Category: Cars

I grew up in the 1960s and cars were one of my first interests. While I haven’t owned a great many, I have had some notable experiences since my first one, a 1957 Chevy.

  • Sports Cars: MGA & Sunbeam Alpine

    Sports Cars: MGA & Sunbeam Alpine

    Since I started reading sports car magazines in my mid teens I’ve been interested in cars. We lived on the Navy base in Long Beach, CA – where a neighbor had a MG TC, and was kind enough to take me for a ride in it. I liked this enough that – while my first car was a 57 Chevy – when I could make the decision for myself I chose a sports car.

    MGA

    I bought a red MGA when I flunked out of college for the first time, my reason/excuse was that I needed to be able to get to work. I still remember the leather smell that rose when I unzipped the driver’s side of the tonneau cover. Why doesn’t car leather smell so wonderful today? It doesn’t seem to matter whether the car is old or new, moderate or expensive, the leather smell just isn’t right.

    The MGA was well-used, and was one of the early ones. It had a minor oil leak, which I discovered when the oil got too low. The 1500cc MGAs had a three-main-bearing crankshaft – which was more sensitive to low oil levels than the later (1600cc, five-main-bearing) model. So, shortly after I bought it I needed to rebuild the engine. When I was driving home from the shop after buying it back I was pulled over when I went around a corner too fast. (Why else would you drive a sports car?) I told the officer of the situation and he let me go, which was very nice of him – and good for me as I’d spent all my money.

    The car also needed a battery. But this wasn’t a problem as I carried jumper cables and parked on a hill whenever I could. I was living with my parents and their house was on a hill. So I started coasting, turned on the ignition, and popped the clutch to start the car. At work, a three-foot roll was enough to start the car – I got very good at doing this, but I still bought a new battery when I was paid.

    Early Saturday mornings in good weather I went for a ride.

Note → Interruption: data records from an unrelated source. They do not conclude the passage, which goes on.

(* Let $\mathbf{S}$ ($n\times n$), $\hat{\mathbf{U}}$ ($m\times n$), $\mathbf{V}$ ($n\times m$) be constant complex matrices and $\hat{\mathbf{K}}$ an $n\times n$ matrix with $\mathbf{S}\hat{\mathbf{K}}+\hat{\mathbf{K}}\mathbf{S}=\mathbf{V}\hat{\mathbf{U}}$. Let $\hat{\mathbf{\Xi}}=e^{-2(x\mathbf{S}+t\mathbf{S}^3)}$, $x,t\in\mathbb{R}$. Then, wherever $\mathbf{I}-\hat{\mathbf{K}}\hat{\mathbf{\Xi}}$ is invertible, $u=\phi_x$ with $\phi=\hat{\mathbf{U}}\hat{\mathbf{\Xi}}(\mathbf{I}-\hat{\mathbf{K}}\hat{\mathbf{\Xi}})^{-1}\mathbf{V}$ solves the $m\times m$ matrix KdV equation $u_t-\tfrac14u_{xxx}-\tfrac32(u^2)_x=0$.
   Context: $\mathbf{I}=I_n$; subscripts $x,t$ denote partial derivatives. *)

theory Defs
  imports "HOL-Analysis.Analysis"
begin

primrec mpow :: "complex^'n^'n \<Rightarrow> nat \<Rightarrow> complex^'n^'n" where
  "mpow A 0 = mat 1"
| "mpow A (Suc k) = A ** mpow A k"

definition mexp :: "complex^'n^'n \<Rightarrow> complex^'n^'n" where
  "mexp A = (\<Sum>k. (inverse (fact k :: real)) *\<^sub>R mpow A k)"

definition pdx :: "(real \<Rightarrow> real \<Rightarrow> 'a::real_normed_vector) \<Rightarrow> real \<Rightarrow> real \<Rightarrow> 'a" where
  "pdx f x t = vector_derivative (\<lambda>y. f y t) (at x)"

definition pdt :: "(real \<Rightarrow> real \<Rightarrow> 'a::real_normed_vector) \<Rightarrow> real \<Rightarrow> real \<Rightarrow> 'a" where
  "pdt f x t = vector_derivative (\<lambda>s. f x s) (at t)"

end

theory Submission
  imports Defs
begin

(* The potential phi = U Xi (I - K Xi)^-1 V is the image, under the linear map
   w |-> U w V, of the resolvent P = Xi (I - K Xi)^-1 in the algebra of n x n
   matrices.  Since Xi^-1 = exp (2 (x S + t S^3)), P is the inverse of G = Xi^-1 - K,
   and G_x = Xi^-1 2S, G_t = Xi^-1 2S^3 with Xi^-1 commuting with S.  Differentiating
   P = G^-1 and using the Sylvester relation S K + K S = V U =: D gives the Riccati
   equations
     P_x = -(S P + P S) - P D P,    P_t = -(S^3 P + P S^3) - P (S^3 K + K S^3) P,
   and the relation P S^2 = S^2 P - P S D P + P D S P.  As U a V U b V = U (a D b) V,
   every term of the KdV equation for u = phi_x is the image of a polynomial in S, D, P,
   and the equation reduces to a ring identity that follows from that relation. *)

section \<open>Square complex matrices as a Banach algebra\<close>

typedef (overloaded) ('n::finite) sq = "UNIV :: (complex^'n^'n) set"
  morphisms Rep_sq Abs_sq by auto

setup_lifting type_definition_sq

lemma bounded_linear_matrix_vector_mult: "bounded_linear ((*v) (A::complex^'n::finite^'n))"
  by simp

lemma matrix_mult_add_rdistrib: "((A::'b::semiring_1^'n::finite^'m) + B) ** C = A ** C + B ** C"
  by (vector matrix_matrix_mult_def sum.distrib[symmetric] field_simps)

lemma scaleR_matrix_vector_mult: "(r *\<^sub>R (A::complex^'n::finite^'n)) *v v = r *\<^sub>R (A *v v)"
  by (vector matrix_vector_mult_def scaleR_sum_right)

instantiation sq :: (finite) real_normed_algebra_1
begin
lift_definition zero_sq :: "'a sq" is 0 .
lift_definition one_sq :: "'a sq" is "mat 1" .
lift_definition plus_sq :: "'a sq \<Rightarrow> 'a sq \<Rightarrow> 'a sq" is "(+)" .
lift_definition minus_sq :: "'a sq \<Rightarrow> 'a sq \<Rightarrow> 'a sq" is "(-)" .
lift_definition uminus_sq :: "'a sq \<Rightarrow> 'a sq" is "uminus" .
lift_definition times_sq :: "'a sq \<Rightarrow> 'a sq \<Rightarrow> 'a sq" is "(**)" .
lift_definition scaleR_sq :: "real \<Rightarrow> 'a sq \<Rightarrow> 'a sq" is "scaleR" .
lift_definition norm_sq :: "'a sq \<Rightarrow> real" is "\<lambda>A. onorm ((*v) A)" .
definition dist_sq :: "'a sq \<Rightarrow> 'a sq \<Rightarrow> real" where "dist_sq a b = norm (a - b)"
definition sgn_sq :: "'a sq \<Rightarrow> 'a sq" where "sgn_sq x = scaleR (inverse (norm x)) x"
definition uniformity_sq :: "('a sq \<times> 'a sq) filter" where
  "uniformity_sq = (INF e\<in>{0 <..}. principal {(x, y). dist x y < e})"
definition open_sq :: "'a sq set \<Rightarrow> bool" where
  "open_sq S = (\<forall>x\<in>S. \<forall>\<^sub>F (x', y) in uniformity. x' = x \<longrightarrow> y \<in> S)"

I drove through the country west of McLean, VA – which was all farms then. Like most farming country, the roads meandered around fields – providing great corners. One of these turns also dipped to go over a bridge; on the far side of the bridge the local police were setting up a radar trap – but I was too early for it. They gave me dirty looks as I drove by, but didn’t do anything else. When I left home for my second sophomore year I sold the car.

    Porsche Super 90

    My uncle Gene, a Naval officer like my father, was fond of Porsches. His first was a 365A, one of the first in the country. When I had the MGA he had a Super 90. (My cousin Steve now owns this car. I haven’t seen it in decades except in pictures, but I see and smell it clearly.) After I took Gene for a ride in my MG and let him drive it, he did the same for me with his Porsche. (Sometimes virtue is rewarded.) First he drove one way down a favorite winding road, then he let me drive back. He sat beside me saying “Faster! Faster!”. A great memory. Gene kept the Super 90 until he bought a 911, when he sold it to Steve.

    I doubt that Steve still has it, but Gene had a diatomaceous earth oil filter for years. This was the oil filter used on ships at that time, so he adapted one to use on his car. He told me that he hadn’t changed the oil in thirty thousand miles. (He changed the filter periodically, but not the oil.) This must have been before oil additives became common, as I suspect they would be incompatible (I found no hits on a search for such oil filters). He told me of it when I read his Porche Club of America article on driving across Canada: “We kept the tach at 3 o’clock until we needed gas.”

    Sunbeam Alpine

    While I was in the Coast Guard my mother bought a light blue Sunbeam Alpine hardtop. She liked it, but I suspect she was planning to give it me when she thought I’d finally grown up. Apparently, she felt this had occurred while I’d been in the Coast Guard, as she gave it to me when I returned to college. It came with a gasoline credit card that my parents paid – it’s hard to imagine a nicer gift.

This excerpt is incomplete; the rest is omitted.